I think this would be a good way to utilize the book and, in many ways, this is how I organized it. At the beginning of (and throughout) the writing process, I thought to myself "if I were to list the effective practices I've used on projects, which would I choose?" There are 46 CI-related practices in the book. Most of the 46 practices are chapter subheadings and are based on this list of practices that are useful from our experiences. Of course, not everything on this list of effective practices made it to the book because certain practices weren't relevant to Continuous Integration. And, I definitely don't think you need to implement all of the practices from the book to be successful at CI, but "Continuous Integration" demonstrates the possibilities of what you can implement using examples.

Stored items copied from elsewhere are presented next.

lemma ex_scale_eventually_less:
  fixes f :: "nat \<Rightarrow> real \<Rightarrow> real"
  assumes lim: "AE s in lborel. s > 0 \<longrightarrow> (\<lambda>n. f n s) \<longlonglongrightarrow> q s"
    and q: "(q \<longlongrightarrow> \<alpha>) at_top" and "c < \<alpha>"
  shows "\<exists>s>0. \<forall>\<^sub>F n in sequentially. c < f n s"
proof -
  obtain S where S: "\<And>s. s \<ge> S \<Longrightarrow> c < q s"
    using order_tendstoD(1)[OF q \<open>c < \<alpha>\<close>] by (auto simp: eventually_at_top_linorder)
  obtain s where s: "max S 0 < s" "s > 0 \<longrightarrow> (\<lambda>n. f n s) \<longlonglongrightarrow> q s"
    using AE_lborel_ex_in_interval[OF lim, of "max S 0" "max S 0 + 1"] by auto
  then have "(\<lambda>n. f n s) \<longlonglongrightarrow> q s" "c < q s"
    using S by auto
  then show ?thesis
    using s(1) by (intro exI[of _ s]) (auto dest: order_tendstoD(1))
qed

lemma ex_heavy_balls:
  fixes \<mu> :: "nat \<Rightarrow> ('a::metric_space) measure" and c :: "'i \<Rightarrow> real"
  assumes fin: "\<And>n. finite_measure (\<mu> n)"
    and scale: "\<And>i. \<exists>s. \<forall>\<^sub>F n in sequentially. c i < conc_fun (\<mu> n) s"
  obtains s g where "\<And>i. \<forall>\<^sub>F n in sequentially. c i < measure (\<mu> n) (ball (g n i) (s i))"
proof -
  obtain s where s: "\<And>i. \<forall>\<^sub>F n in sequentially. c i < conc_fun (\<mu> n) (s i)"
    using scale by metis
  define g where "g n i = (SOME x. c i < measure (\<mu> n) (ball x (s i)))" for n i
  have "\<forall>\<^sub>F n in sequentially. c i < measure (\<mu> n) (ball (g n i) (s i))" for i
    using s[of i] unfolding g_def
    by (rule eventually_mono) (rule someI_ex[OF less_conc_fun_imp_ex_ball[OF fin]])
  then show thesis
    by (rule that)
qed

lemma subseq_eventually_decided:
  fixes P :: "'i::countable \<Rightarrow> nat \<Rightarrow> bool"
  obtains d where "strict_mono d"
    "\<And>i. (\<forall>\<^sub>F k in sequentially. P i (d k)) \<or> (\<forall>\<^sub>F k in sequentially. \<not> P i (d k))"
proof -
  define decided where "decided m r \<longleftrightarrow>
    (\<forall>\<^sub>F k in sequentially. P (from_nat m) (r k)) \<or> (\<forall>\<^sub>F k in sequentially. \<not> P (from_nat m) (r k))"
    for m and r :: "nat \<Rightarrow> nat"
  interpret subseqs decided
  proof
    fix m and r :: "nat \<Rightarrow> nat"
    have "{k. P (from_nat m) (r k)} \<union> {k. \<not> P (from_nat m) (r k)} = UNIV"
      by auto
    then have "infinite ({k. P (from_nat m) (r k)} \<union> {k. \<not> P (from_nat m) (r k)})"
      by simp
    then have "infinite {k. P (from_nat m) (r k)} \<or> infinite {k. \<not> P (from_nat m) (r k)}"
      by simp
    then obtain b where b: "infinite {k. P (from_nat m) (r k) = b}"
    proof
      assume "infinite {k. P (from_nat m) (r k)}"
      then show thesis using that[of True] by simp
    next
      assume "infinite {k. \<not> P (from_nat m) (r k)}"
      then show thesis using that[of False] by simp
    qed
    obtain r' :: "nat \<Rightarrow> nat" where "strict_mono r'" "\<And>k. P (from_nat m) (r (r' k)) = b"
      using infinite_enumerate[OF b] by blast
    then show "\<exists>r'. strict_mono r' \<and> decided m (r \<circ> r')"
      unfolding decided_def by (cases b) auto
  qed
  have decided_diagseq: "decided m diagseq" for m
  proof -
    have "decided m (diagseq \<circ> (+) (Suc m))"
    proof (rule diagseq_holds)
      fix r s :: "nat \<Rightarrow> nat" and n assume "strict_mono r" "decided n s"
      then show "decided n (s \<circ> r)"
        unfolding decided_def by (auto dest: eventually_subseq)
    qed
    then show ?thesis
      using eventually_sequentially_seg[of "\<lambda>k. P (from_nat m) (diagseq k)" "Suc m"]
        eventually_sequentially_seg[of "\<lambda>k. \<not> P (from_nat m) (diagseq k)" "Suc m"]
      unfolding decided_def by (simp add: add.commute)
  qed
  show thesis
  proof (rule that[OF subseq_diagseq])
    fix i :: 'i
    show "(\<forall>\<^sub>F k in sequentially. P i (diagseq k)) \<or> (\<forall>\<^sub>F k in sequentially. \<not> P i (diagseq k))"
      using decided_diagseq[of "to_nat i"] by (simp add: decided_def)
  qed
qed

lemma ex_independent_set_card:
  assumes "infinite (UNIV :: 'a set)" "symp E" "\<And>i. finite {j. E i j}"
  shows "\<exists>F :: 'a set. finite F \<and> card F = m \<and> pairwise (\<lambda>a b. \<not> E a b) F"
proof (induction m)
  case 0
  show ?case by (intro exI[of _ "{}"]) auto
next
  case (Suc m)
  then obtain F where F: "finite F" "card F = m" "pairwise (\<lambda>a b. \<not> E a b) F"
    by blast
  have "finite (F \<union> (\<Union>a\<in>F. {j. E a j}))"
    using F(1) assms(3) by auto
  then obtain i where "i \<notin> F \<union> (\<Union>a\<in>F. {j. E a j})"
    using ex_new_if_finite[OF assms(1)] by blast
  with F assms(2) show ?case
    by (intro exI[of _ "insert i F"]) (auto simp: pairwise_insert dest: sympD)
qed

lemma subseq_infinitely_many_neighbours:
  fixes near :: "nat \<Rightarrow> 'i::countable \<Rightarrow> 'i \<Rightarrow> bool"
  assumes "infinite (UNIV :: 'i set)" and sym: "\<And>n. symp (near n)"
    and no_large_independent: "\<And>F. finite F \<Longrightarrow> card F = N \<Longrightarrow>
      \<forall>\<^sub>F n in sequentially. \<not> pairwise (\<lambda>a b. \<not> near n a b) F"
  obtains d i0 where "strict_mono d" "infinite {i. \<forall>\<^sub>F k in sequentially. near (d k) i0 i}"
proof -
  obtain d where d: "strict_mono d" and decided:
    "\<And>ij. (\<forall>\<^sub>F k in sequentially. near (d k) (fst ij) (snd ij))
      \<or> (\<forall>\<^sub>F k in sequentially. \<not> near (d k) (fst ij) (snd ij))"
    using subseq_eventually_decided[of "\<lambda>ij n. near n (fst ij) (snd ij)"] by blast
  define Near where "Near i j \<longleftrightarrow> (\<forall>\<^sub>F k in sequentially. near (d k) i j)" for i j
  have "\<exists>i0. infinite {i. Near i0 i}"
  proof (rule ccontr)
    assume "\<nexists>i0. infinite {i. Near i0 i}"
    moreover have "symp Near"
      using sym unfolding Near_def symp_def by (auto elim: eventually_mono)
    ultimately obtain F where F: "finite F" "card F = N" "pairwise (\<lambda>a b. \<not> Near a b) F"
      using ex_independent_set_card[OF assms(1)] by blast
    have "\<forall>\<^sub>F k in sequentially. \<forall>(a, b) \<in> F \<times> F. a \<noteq> b \<longrightarrow> \<not> near (d k) a b"
      using F(1,3) decided unfolding Near_def pairwise_def
      by (intro eventually_ball_finite) fastforce+
    moreover have "\<forall>\<^sub>F k in sequentially. \<not> pairwise (\<lambda>a b. \<not> near (d k) a b) F"
      using eventually_subseq[OF d no_large_independent[OF F(1,2)]] .
    ultimately have "\<forall>\<^sub>F k in sequentially. False"
      by eventually_elim (auto simp: pairwise_def)
    then show False
      by simp
  qed
  then show thesis
    using that[OF d] unfolding Near_def by blast
qed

For dev teams with an existing CI environment, I will assume they have a fully automated build with minimal dependencies (chapter 1 and 4). Next, they can use the development team practices from chapter 2 as the cornerstone for moving forward to incorporating other build processes such as database integration (chapter 5), additional automated testing (chapter 6), static/dynamic analysis (chapter 7) and deployment (chapter 8) to a target environment
[ August 28, 2007: Message edited by: Paul Duvall ]

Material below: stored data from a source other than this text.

(* For every positive integer $n$ there is a permutation of length $16n\log_2 n+\Theta(n)$ that contains every skew riffle permutation of length $n$ as a pattern.
   Context: A permutation $\pi$ of length $k$ is a pattern of $\sigma$ if there are indices $\ell_1<\cdots<\ell_k$ with $\pi_i<\pi_j$ iff $\sigma_{\ell_i}<\sigma_{\ell_j}$. Riffle shuffle permutations are the permutations avoiding $321$, $2143$ and $2413$; antiriffle permutations are the inverses of riffle shuffle permutations. For permutations $\sigma,\tau$, the operation $\sigma\ominus\tau$ (called skew sum in the paper) is the permutation of length $|\sigma|+|\tau|$ with $(\sigma\ominus\tau)_i=\sigma_i$ for $1\le i\le|\sigma|$ and $(\sigma\ominus\tau)_i=\tau_{i-|\sigma|}+|\sigma|$ for $|\sigma|<i\le|\sigma|+|\tau|$. The skew riffle permutations form the smallest set of permutations containing all riffle and antiriffle permutations and closed under this operation. *)

theory Defs
  imports Complex_Main "HOL-Library.Landau_Symbols"
begin

text \<open>Permutations of length n are represented 0-based as lists that are
  arrangements of 0,...,n-1.\<close>

definition is_perm :: "nat list \<Rightarrow> bool" where
  "is_perm xs \<longleftrightarrow> distinct xs \<and> set xs = {0..<length xs}"

definition contains :: "nat list \<Rightarrow> nat list \<Rightarrow> bool" where
  "contains \<sigma> \<pi> \<longleftrightarrow>
     (\<exists>l :: nat \<Rightarrow> nat. strict_mono_on {0..<length \<pi>} l
        \<and> (\<forall>i<length \<pi>. l i < length \<sigma>)
        \<and> (\<forall>i<length \<pi>. \<forall>j<length \<pi>. \<pi> ! i < \<pi> ! j \<longleftrightarrow> \<sigma> ! (l i) < \<sigma> ! (l j)))"

definition avoids :: "nat list \<Rightarrow> nat list \<Rightarrow> bool" where
  "avoids \<sigma> \<pi> \<longleftrightarrow> \<not> contains \<sigma> \<pi>"

text \<open>Riffle shuffle permutations: avoid 321, 2143, 2413 (written 0-based).\<close>
definition riffle :: "nat list \<Rightarrow> bool" where
  "riffle \<sigma> \<longleftrightarrow> is_perm \<sigma> \<and> avoids \<sigma> [2,1,0] \<and> avoids \<sigma> [1,0,3,2] \<and> avoids \<sigma> [1,3,0,2]"

definition antiriffle :: "nat list \<Rightarrow> bool" where
  "antiriffle \<sigma> \<longleftrightarrow> is_perm \<sigma> \<and>
     (\<exists>\<rho>. riffle \<rho> \<and> length \<rho> = length \<sigma> \<and> (\<forall>i<length \<sigma>. \<rho> ! (\<sigma> ! i) = i))"

text \<open>The paper's operation (called skew sum there).\<close>
definition skew_sum :: "nat list \<Rightarrow> nat list \<Rightarrow> nat list" where
  "skew_sum \<sigma> \<tau> = \<sigma> @ map (\<lambda>x. x + length \<sigma>) \<tau>"

inductive skew_riffle :: "nat list \<Rightarrow> bool" where
  riffle_sr: "riffle \<sigma> \<Longrightarrow> skew_riffle \<sigma>"
| antiriffle_sr: "antiriffle \<sigma> \<Longrightarrow> skew_riffle \<sigma>"
| sum_sr: "skew_riffle \<sigma> \<Longrightarrow> skew_riffle \<tau> \<Longrightarrow> skew_riffle (skew_sum \<sigma> \<tau>)"

end

theory Submission
  imports Defs
begin

text \<open>A riffle permutation is the union of two increasing subsequences split by value (the
  bottoms of all its inversions lie below all their tops), so it embeds into the interleaving
  [0, s, 1, s+1, ...] of [0..<s] and [s..<2s]; dually, an antiriffle permutation is the union of
  two increasing subsequences split by position and embeds into [0, 2, 4, ..., 1, 3, 5, ...].
  Hence every riffle or antiriffle permutation of length at most s is a pattern of a single
  permutation of length 4s.  A skew riffle permutation of length n is a skew sum of such blocks;
  cutting it at the block covering its middle position leaves skew sums of length at most
  n div 2 on both sides, so U n = U (n div 2) \<ominus> B n \<ominus> U (n div 2), with B n the block
  host of length 4n, contains all of them.  Its length satisfies u(n) = 2 u(n div 2) + 4n, hence
  u(n) \<le> 4 n (log_2 n + 1), and padding U n with an increasing tail yields a universal
  permutation of any larger length.\<close>

lemma is_permI: "set xs = {0..<length xs} \<Longrightarrow> is_perm xs"
  unfolding is_perm_def
  by (metis atLeastLessThan_empty_iff card_atLeastLessThan card_distinct diff_zero)

lemma is_perm_nth_less: "is_perm xs \<Longrightarrow> i < length xs \<Longrightarrow> xs ! i < length xs"
  unfolding is_perm_def by (metis atLeastLessThan_iff nth_mem)

lemma is_perm_nth_eq_iff:
  "is_perm xs \<Longrightarrow> i < length xs \<Longrightarrow> j < length xs \<Longrightarrow> xs ! i = xs ! j \<longleftrightarrow> i = j"
  unfolding is_perm_def by (simp add: nth_eq_iff_index_eq)

lemma is_perm_Nil [simp]: "is_perm []"
  by (simp add: is_perm_def)

lemma is_perm_upt: "is_perm [0..<k]"
  by (simp add: is_perm_def)

lemma length_skew_sum [simp]: "length (skew_sum a b) = length a + length b"
  by (simp add: skew_sum_def)

lemma skew_sum_Nil_left [simp]: "skew_sum [] a = a"
  by (simp add: skew_sum_def)

lemma skew_sum_Nil_right [simp]: "skew_sum a [] = a"
  by (simp add: skew_sum_def)

lemma skew_sum_assoc: "skew_sum (skew_sum a b) c = skew_sum a (skew_sum b c)"
  by (simp add: skew_sum_def add.assoc)

lemma nth_skew_sum:
  "i < length a + length b \<Longrightarrow>
    skew_sum a b ! i = (if i < length a then a ! i else b ! (i - length a) + length a)"
  by (auto simp: skew_sum_def nth_append)

lemma is_perm_skew_sum: "is_perm a \<Longrightarrow> is_perm b \<Longrightarrow> is_perm (skew_sum a b)"
  by (rule is_permI) (auto simp: skew_sum_def is_perm_def)

subsection \<open>Patterns\<close>

lemma contains_Nil: "contains \<sigma> []"
  by (simp add: contains_def strict_mono_on_def)

lemma containsI_positions:
  assumes "length ls = length \<pi>" "sorted_wrt (<) ls" "\<forall>x\<in>set ls. x < length \<sigma>"
    and "\<forall>i<length \<pi>. \<forall>j<length \<pi>. \<pi> ! i < \<pi> ! j \<longleftrightarrow> \<sigma> ! (ls ! i) < \<sigma> ! (ls ! j)"
  shows "contains \<sigma> \<pi>"
  unfolding contains_def
proof (intro exI[of _ "(!) ls"] conjI)
  show "strict_mono_on {0..<length \<pi>} ((!) ls)"
    using assms(1,2) by (auto intro!: strict_mono_onI sorted_wrt_nth_less)
qed (use assms in auto)

lemma contains_skew_sum:
  assumes perm: "is_perm \<sigma>\<^sub>1" "is_perm \<pi>\<^sub>1"
    and "contains \<sigma>\<^sub>1 \<pi>\<^sub>1" "contains \<sigma>\<^sub>2 \<pi>\<^sub>2"
  shows "contains (skew_sum \<sigma>\<^sub>1 \<sigma>\<^sub>2) (skew_sum \<pi>\<^sub>1 \<pi>\<^sub>2)"
proof -
  obtain l\<^sub>1 where l\<^sub>1: "strict_mono_on {0..<length \<pi>\<^sub>1} l\<^sub>1" "\<forall>i<length \<pi>\<^sub>1. l\<^sub>1 i < length \<sigma>\<^sub>1"
    "\<forall>i<length \<pi>\<^sub>1. \<forall>j<length \<pi>\<^sub>1. \<pi>\<^sub>1 ! i < \<pi>\<^sub>1 ! j \<longleftrightarrow> \<sigma>\<^sub>1 ! l\<^sub>1 i < \<sigma>\<^sub>1 ! l\<^sub>1 j"
    using \<open>contains \<sigma>\<^sub>1 \<pi>\<^sub>1\<close> unfolding contains_def by blast
  obtain l\<^sub>2 where l\<^sub>2: "strict_mono_on {0..<length \<pi>\<^sub>2} l\<^sub>2" "\<forall>i<length \<pi>\<^sub>2. l\<^sub>2 i < length \<sigma>\<^sub>2"
    "\<forall>i<length \<pi>\<^sub>2. \<forall>j<length \<pi>\<^sub>2. \<pi>\<^sub>2 ! i < \<pi>\<^sub>2 ! j \<longleftrightarrow> \<sigma>\<^sub>2 ! l\<^sub>2 i < \<sigma>\<^sub>2 ! l\<^sub>2 j"
    using \<open>contains \<sigma>\<^sub>2 \<pi>\<^sub>2\<close> unfolding contains_def by blast
  define n where "n = length \<pi>\<^sub>1"
  define m where "m = length \<sigma>\<^sub>1"
  define l where "l i = (if i < n then l\<^sub>1 i else m + l\<^sub>2 (i - n))" for i
  have \<pi>_nth: "skew_sum \<pi>\<^sub>1 \<pi>\<^sub>2 ! i = (if i < n then \<pi>\<^sub>1 ! i else \<pi>\<^sub>2 ! (i - n) + n)"
    if "i < n + length \<pi>\<^sub>2" for i
    using that nth_skew_sum[of i \<pi>\<^sub>1 \<pi>\<^sub>2] by (simp add: n_def)
  have \<sigma>_nth: "skew_sum \<sigma>\<^sub>1 \<sigma>\<^sub>2 ! l i = (if i < n then \<sigma>\<^sub>1 ! l\<^sub>1 i else \<sigma>\<^sub>2 ! l\<^sub>2 (i - n) + m)"
    if "i < n + length \<pi>\<^sub>2" for i
    using that l\<^sub>1(2) l\<^sub>2(2) by (auto simp: skew_sum_def nth_append l_def n_def m_def)
  have lower: "\<pi>\<^sub>1 ! i < n" "\<sigma>\<^sub>1 ! l\<^sub>1 i < m" if "i < n" for i
    using is_perm_nth_less[OF perm(2)] is_perm_nth_less[OF perm(1)] l\<^sub>1(2) that
    by (auto simp: n_def m_def)
  show ?thesis unfolding contains_def
  proof (intro exI[of _ l] conjI allI impI)
    show "strict_mono_on {0..<length (skew_sum \<pi>\<^sub>1 \<pi>\<^sub>2)} l"
    proof (rule strict_mono_onI)
      fix i j assume "i \<in> {0..<length (skew_sum \<pi>\<^sub>1 \<pi>\<^sub>2)}" "j \<in> {0..<length (skew_sum \<pi>\<^sub>1 \<pi>\<^sub>2)}" "i < j"
      then show "l i < l j"
        using l\<^sub>1 strict_mono_onD[OF l\<^sub>2(1), of "i - n" "j - n"]
        by (auto simp: l_def n_def m_def strict_mono_on_def)
    qed
  next
    fix i assume "i < length (skew_sum \<pi>\<^sub>1 \<pi>\<^sub>2)"
    then show "l i < length (skew_sum \<sigma>\<^sub>1 \<sigma>\<^sub>2)"
      using l\<^sub>1 l\<^sub>2 by (auto simp: l_def n_def m_def)
  next
    fix i j assume "i < length (skew_sum \<pi>\<^sub>1 \<pi>\<^sub>2)" "j < length (skew_sum \<pi>\<^sub>1 \<pi>\<^sub>2)"
    then have i: "i < n + length \<pi>\<^sub>2" and j: "j < n + length \<pi>\<^sub>2" by (auto simp: n_def)
    show "skew_sum \<pi>\<^sub>1 \<pi>\<^sub>2 ! i < skew_sum \<pi>\<^sub>1 \<pi>\<^sub>2 ! j \<longleftrightarrow> skew_sum \<sigma>\<^sub>1 \<sigma>\<^sub>2 ! l i < skew_sum \<sigma>\<^sub>1 \<sigma>\<^sub>2 ! l j"
      unfolding \<pi>_nth[OF i] \<pi>_nth[OF j] \<sigma>_nth[OF i] \<sigma>_nth[OF j]
      using l\<^sub>1(3) l\<^sub>2(3)[rule_format, of "i - n" "j - n"] lower[of i] lower[of j] i j
      by (auto simp: n_def)
  qed
qed

lemma contains_skew_sum_left:
  "is_perm \<sigma> \<Longrightarrow> is_perm \<pi> \<Longrightarrow> contains \<sigma> \<pi> \<Longrightarrow> contains (skew_sum \<sigma> \<tau>) \<pi>"
  using contains_skew_sum[of \<sigma> \<pi> \<tau> "[]"] by (simp add: contains_Nil)

lemma contains_skew_sum_right:
  "is_perm \<sigma> \<Longrightarrow> contains \<tau> \<pi> \<Longrightarrow> contains (skew_sum \<sigma> \<tau>) \<pi>"
  using contains_skew_sum[of \<sigma> "[]" \<tau> \<pi>] by (simp add: contains_Nil)

lemma contains_321I:
  assumes "i < j" "j < k" "k < length \<sigma>" "\<sigma> ! k < \<sigma> ! j" "\<sigma> ! j < \<sigma> ! i"
  shows "contains \<sigma> [2,1,0]"
  by (rule containsI_positions[of "[i,j,k]"]) (use assms in \<open>auto simp: numeral_eq_Suc less_Suc_eq\<close>)

lemma contains_2143I:
  assumes "a < b" "b < c" "c < d" "d < length \<sigma>" "\<sigma> ! b < \<sigma> ! a" "\<sigma> ! a < \<sigma> ! d" "\<sigma> ! d < \<sigma> ! c"
  shows "contains \<sigma> [1,0,3,2]"
  by (rule containsI_positions[of "[a,b,c,d]"]) (use assms in \<open>auto simp: numeral_eq_Suc less_Suc_eq\<close>)

lemma contains_2413I:
  assumes "a < b" "b < c" "c < d" "d < length \<sigma>" "\<sigma> ! c < \<sigma> ! a" "\<sigma> ! a < \<sigma> ! d" "\<sigma> ! d < \<sigma> ! b"
  shows "contains \<sigma> [1,3,0,2]"
  by (rule containsI_positions[of "[a,b,c,d]"]) (use assms in \<open>auto simp: numeral_eq_Suc less_Suc_eq\<close>)

subsection \<open>Riffle and antiriffle permutations\<close>

lemma riffle_inversion_bottom_less_top:
  assumes r: "riffle p"
    and inv: "i < j" "j < length p" "p ! j < p ! i"
    and inv': "i' < j'" "j' < length p" "p ! j' < p ! i'"
  shows "p ! j < p ! i'"
proof (rule ccontr)
  assume contra: "\<not> ?thesis"
  have perm: "is_perm p" and no321: "\<not> contains p [2,1,0]"
    and no2143: "\<not> contains p [1,0,3,2]" and no2413: "\<not> contains p [1,3,0,2]"
    using r by (auto simp: riffle_def avoids_def)
  consider "i' = j" | "p ! i' < p ! j"
    using contra is_perm_nth_eq_iff[OF perm] inv inv' by fastforce
  then show False
  proof cases
    case 1
    then show False using contains_321I[of i j j' p] no321 inv inv' by auto
  next
    case 2
    have "j' < j"
    proof (rule ccontr)
      assume "\<not> j' < j"
      then have "j < j'" using 2 inv' by (cases "j = j'") auto
      then show False using contains_321I[of i j j' p] no321 inv inv' 2 by auto
    qed
    have "i' < i"
    proof (rule ccontr)
      assume "\<not> i' < i"
      then have "i < i'" using 2 inv by (cases "i = i'") auto
      then show False using contains_321I[of i i' j' p] no321 inv inv' 2 by auto
    qed
    have "i \<noteq> j'" using 2 inv inv' by auto
    then consider "i < j'" | "j' < i" by linarith
    then show False
    proof cases
      case 1
      then show False using contains_2413I[of i' i j' j p] no2413 2 inv inv' \<open>j' < j\<close> \<open>i' < i\<close> by auto
    next
      case 2
      then show False using contains_2143I[of i' j' i j p] no2143 \<open>p ! i' < p ! j\<close> inv inv' by auto
    qed
  qed
qed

The team I work in uses continuous integration, but only within a system. We run an automated unit test suite every time code is checked in. However, a lot of issues arise in the interfaces between systems, i.e. database access, remote updates, interface changes etc.
Is this something that CI could be applied to? That is CI appropriate for inter-system as well as intra-system use? If so any tips on how go about putting tests (test harnesses?) in place?

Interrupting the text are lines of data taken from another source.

lemma dist_LEAST_INF_le:
  fixes r :: "nat \<Rightarrow> real"
  assumes z_close: "\<And>k. nabs (x - z k) \<le> r k" and in_range: "\<And>k. r k \<in> range nabs"
    and e: "0 < e"
  shows "dist (z (LEAST k. r k < (INF k. r k) + e)) x \<le> (INF k. r k) + e"
proof -
  have "bdd_below (range r)"
    using range_nabs_nonneg[OF in_range] by (intro bdd_belowI[of _ 0]) auto
  then have "\<exists>k. r k < (INF k. r k) + e"
    using cINF_less_iff[OF UNIV_not_empty, of r "(INF k. r k) + e"] e by simp
  then have "r (LEAST k. r k < (INF k. r k) + e) < (INF k. r k) + e"
    by (rule LeastI_ex)
  then have "nabs (x - z (LEAST k. r k < (INF k. r k) + e)) \<le> (INF k. r k) + e"
    using z_close[of "LEAST k. r k < (INF k. r k) + e"] by linarith
  then show ?thesis
    by (simp add: dist_nabs nabs_minus_commute[of _ x])
qed

text \<open>If the approximating points do not form a Cauchy sequence, the infimum is positive
  and hence, the values being discrete, attained.\<close>
lemma nabs_diff_approx_INF_le:
  assumes z_close: "\<And>k. nabs (x - z k) \<le> r k" and in_range: "\<And>k. r k \<in> range nabs"
  shows "nabs (x - approx_INF z r) \<le> (INF k. r k)"
proof -
  define m where "m = (INF k. r k)"
  define y where "y j = z (LEAST k. r k < m + inverse (real (Suc j)))" for j
  have approx: "approx_INF z r = (if Cauchy y then lim y else z (LEAST k. r k = m))"
    by (simp only: approx_INF_def Let_def m_def y_def[abs_def])
  have y_close: "dist (y j) x \<le> m + inverse (real (Suc j))" for j
    unfolding y_def m_def using z_close in_range by (rule dist_LEAST_INF_le) simp
  show ?thesis
  proof (cases "Cauchy y")
    case True
    then obtain l where l: "y \<longlonglongrightarrow> l"
      using Cauchy_convergent convergent_def by blast
    have "(\<lambda>j. m + inverse (real (Suc j))) \<longlonglongrightarrow> m"
      using tendsto_add[OF tendsto_const LIMSEQ_inverse_real_of_nat] by simp
    then have "dist l x \<le> m"
      using y_close by (intro LIMSEQ_le[OF tendsto_dist[OF l tendsto_const]]) auto
    then show ?thesis
      using l True by (simp add: approx limI dist_nabs nabs_minus_commute[of _ x] m_def)
  next
    case False
    have "m \<noteq> 0"
    proof
      assume "m = 0"
      then have "dist (y j) x \<le> inverse (real (Suc j))" for j
        using y_close[of j] by simp
      then have "(\<lambda>j. dist (y j) x) \<longlonglongrightarrow> 0"
        by (intro real_tendsto_sandwich[OF _ _ tendsto_const LIMSEQ_inverse_real_of_nat]) simp_all
      then have "y \<longlonglongrightarrow> x"
        by (rule tendsto_dist_iff[THEN iffD2])
      with False show False
        using LIMSEQ_imp_Cauchy by blast
    qed
    moreover have "0 \<le> m"
      unfolding m_def using range_nabs_nonneg[OF in_range] by (intro cINF_greatest) auto
    ultimately have "r (LEAST k. r k = m) = m"
      unfolding m_def using in_range by (intro INF_nabs_values_attained) auto
    then have "nabs (x - z (LEAST k. r k = m)) \<le> m"
      using z_close[of "LEAST k. r k = m"] by simp
    then show ?thesis
      using False by (simp add: approx m_def)
  qed
qed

Yes, you can use a CI system to do this, but the more you can control these inter-system dependencies, the better. This means you might get a snapshot of this system/database, etc. on some scheduled basis otherwise you'll be spending all your time managing someone else's project. A better option may be to mock these system interfaces so that it works according to an established "contract". However, you'll want to sync with the real thing periodically. I'll assume that these system interfaces are an important aspect of the value of the system, so the sooner you find any interface problems, the better. But, you don't want it to "continuously" slow your main project to a halt either, so mocking with a periodic check against reality can be a good approach to this.

I am new to Java. What is the best process to get an Application executable to run on a client PC. We are using Ant where I work is this the best step to take.

Also, when you build an app in Eclipse why is it you can save a program to a .exe instead of have using javac.



Yes, despite its problems, using Ant to build your software is a good choice especially as compared to running a build from only your IDE (Eclipse). From Eclipse, you can execute this Ant build script. Just make sure you can also run your Ant build without needing to use Eclipse (i.e. from the command line; this is necessary for CI to work)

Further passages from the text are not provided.